Just how isolation works to promote diversity has been variously interpreted. The controversy as to whether isolation per se is able to occasion divergence, independently of natural selection or the influence of environment, as maintained by Gulick in opposition to Wallace, we can now decide in favor of the former investigator. It is coming to be recognized more and more that the various marks which naturalists employ to distinguish species and varieties have no particular value

to their possessors. Much has been made of this fact by Eimer and others in attacks upon the theory of natural selection as an explanation of the origin of species. Still under the influence of teleological conceptions, Darwin and most of his contemporaries were prone to look upon everything in an organism as of some use, and, armed with a principle by which the origin of structures might be explained because of their use, they regarded specific characters as quite generally of some service to the organism. The selectionist had to recognize, however, a certain element of unfitness in every species. Darwin, who attempted to explain the origin of species by means of natural selection, believed that species were formed by the preservation of relatively minute favorable variations, and that therefore the characteristics by which one species differs from another represent the summation of a large number of successive improvements in the inherited endowments of the stock. He had read Paley's "Natural Theology" with great admiration and was strongly impressed with the wonderful adaptations of organic structure which are so clearly set forth in that able and celebrated work. Darwin was persuaded that he had to account for a condition of extreme perfection and nicety of adjustment in every organism. While abundantly conversant with the occurrence of sudden and well marked variations, he believed that such variations were of minor significance for evolution, because he deemed that, except in rare instances, they would be ill adapted and would tend to die out. As one is not likely to fit a peg neatly into a hole by going at it with an ax, so an organism is not apt to secure a close adaptation to its environment by a series of great and sudden mutations. Of course an organism must possess a considerable adaptiveness to its environment in order to survive. But if, as most biologists now hold, the margin of inutility in organic structures is wider than it was supposed to be by Darwin, it leaves a more open

field for other theories of the formation of species besides the one formulated in Darwin's celebrated work.

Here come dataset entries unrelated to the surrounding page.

lemma ode2_solution_in_span:
  assumes "convex S"
    and y1: "ode2_solution p q S y1 y1' y1''" and y2: "ode2_solution p q S y2 y2' y2''"
    and f: "ode2_solution p q S f f' f''"
    and h: "\<And>z. z \<in> S \<Longrightarrow> (h has_field_derivative p z * h z) (at z)"
  obtains c c1 c2 where "\<And>z. z \<in> S \<Longrightarrow> h z * (y1 z * y2' z - y2 z * y1' z) = c"
    and "\<And>z. z \<in> S \<Longrightarrow> c * f z = c1 * y2 z - c2 * y1 z"
proof -
  obtain c where c: "\<And>z. z \<in> S \<Longrightarrow> h z * (y1 z * y2' z - y2 z * y1' z) = c"
    using ode2_abel_identity[OF \<open>convex S\<close> y1 y2 h] by blast
  obtain c1 where c1: "\<And>z. z \<in> S \<Longrightarrow> h z * (y1 z * f' z - f z * y1' z) = c1"
    using ode2_abel_identity[OF \<open>convex S\<close> y1 f h] by blast
  obtain c2 where c2: "\<And>z. z \<in> S \<Longrightarrow> h z * (y2 z * f' z - f z * y2' z) = c2"
    using ode2_abel_identity[OF \<open>convex S\<close> y2 f h] by blast
  have "c * f z = c1 * y2 z - c2 * y1 z" if "z \<in> S" for z
    unfolding c[OF that, symmetric] c1[OF that, symmetric] c2[OF that, symmetric]
    by (simp add: algebra_simps)
  with c show ?thesis by (rule that)
qed

lemma wronskian_nonzero_imp_lin_indep:
  fixes y1 y2 :: "complex \<Rightarrow> complex"
  assumes "open S" "y1 holomorphic_on S" "y2 holomorphic_on S" "z \<in> S"
    and zero: "\<And>z. z \<in> S \<Longrightarrow> \<alpha> * y1 z + \<beta> * y2 z = 0"
    and W: "y1 z * deriv y2 z - y2 z * deriv y1 z \<noteq> 0"
  shows "\<alpha> = 0 \<and> \<beta> = 0"
proof -
  have "((\<lambda>z. \<alpha> * y1 z + \<beta> * y2 z) has_field_derivative \<alpha> * deriv y1 z + \<beta> * deriv y2 z) (at z)"
    using holomorphic_derivI[OF assms(2,1,4)] holomorphic_derivI[OF assms(3,1,4)]
    by (auto intro!: derivative_eq_intros)
  moreover have "((\<lambda>z. \<alpha> * y1 z + \<beta> * y2 z) has_field_derivative 0) (at z)"
    by (rule has_field_derivative_transform_within_open[OF DERIV_const assms(1,4)]) (simp add: zero)
  ultimately have d: "\<alpha> * deriv y1 z + \<beta> * deriv y2 z = 0" using DERIV_unique by blast
  have "\<alpha> * (y1 z * deriv y2 z - y2 z * deriv y1 z) = 0"
    "\<beta> * (y1 z * deriv y2 z - y2 z * deriv y1 z) = 0"
    using zero[OF \<open>z \<in> S\<close>] d by algebra+
  with W show ?thesis by simp
qed

lemma polyfun_diff: "polyfun n p \<Longrightarrow> polyfun n q \<Longrightarrow> polyfun n (\<lambda>x. p x - q x)"
  using pf_add[OF _ pf_mult[OF pf_const[of n "-1"]], of p q] by simp

lemma polyfun_power: "polyfun n p \<Longrightarrow> polyfun n (\<lambda>x. p x ^ k)"
proof (induction k)
  case 0
  show ?case using pf_const[of n 1] by simp
next
  case (Suc k)
  then show ?case using pf_mult[of n p "\<lambda>x. p x ^ k"] by simp
qed

lemma polyfun_sum:
  "finite A \<Longrightarrow> (\<And>j. j \<in> A \<Longrightarrow> polyfun n (f j)) \<Longrightarrow> polyfun n (\<lambda>x. \<Sum>j\<in>A. f j x)"
proof (induction A rule: finite_induct)
  case empty
  show ?case using pf_const[of n 0] by simp
next
  case (insert a A)
  then show ?case using pf_add[of n "f a" "\<lambda>x. \<Sum>j\<in>A. f j x"] by simp
qed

Since species-forming has been so frequently associated with isolation, it might be contended that it has taken place because of isolation. And undoubtedly much can be said for this viewpoint. Recent work in genetics has shown how a species containing a large amount of hereditary diversity may be broken up, through isolation, and quite independently of any selective elimination, into a number of different types. Such a segregation of types is simply an incidental product of inbreeding. Isolated groups tend to become homozygous or racially pure for different characters. And where any strongly heterozygous species is scattered into a number of restricted localities, it becomes inevitably broken up by inbreeding into distinct subdivisions.

The problem of the closeness of fit between the species and its environment has an important relation also to the theory of mutation. If specific characters are frequently of little or no biological importance, they may have come about full-fledged by a single variation. Whether species have been made by small steps or relatively large ones is, however, of subordinate importance for the larger problems of progressive evolution and the development of adaptations. Darwin attempted to explain the origin of species-which is essentially divergence and progressive adaptive development by the same method of survival of the fittest, with occasional aid from the transmission of acquired characters. Recent developments of evolutionary theory have tended to treat the formation of species as more or less independent of the progressive transformation of the world of life; and many who, like de Vries, oppose the view that species have arisen by means of natural selection, still hold that natural selection affords an adequate explanation of progressive adaptive development.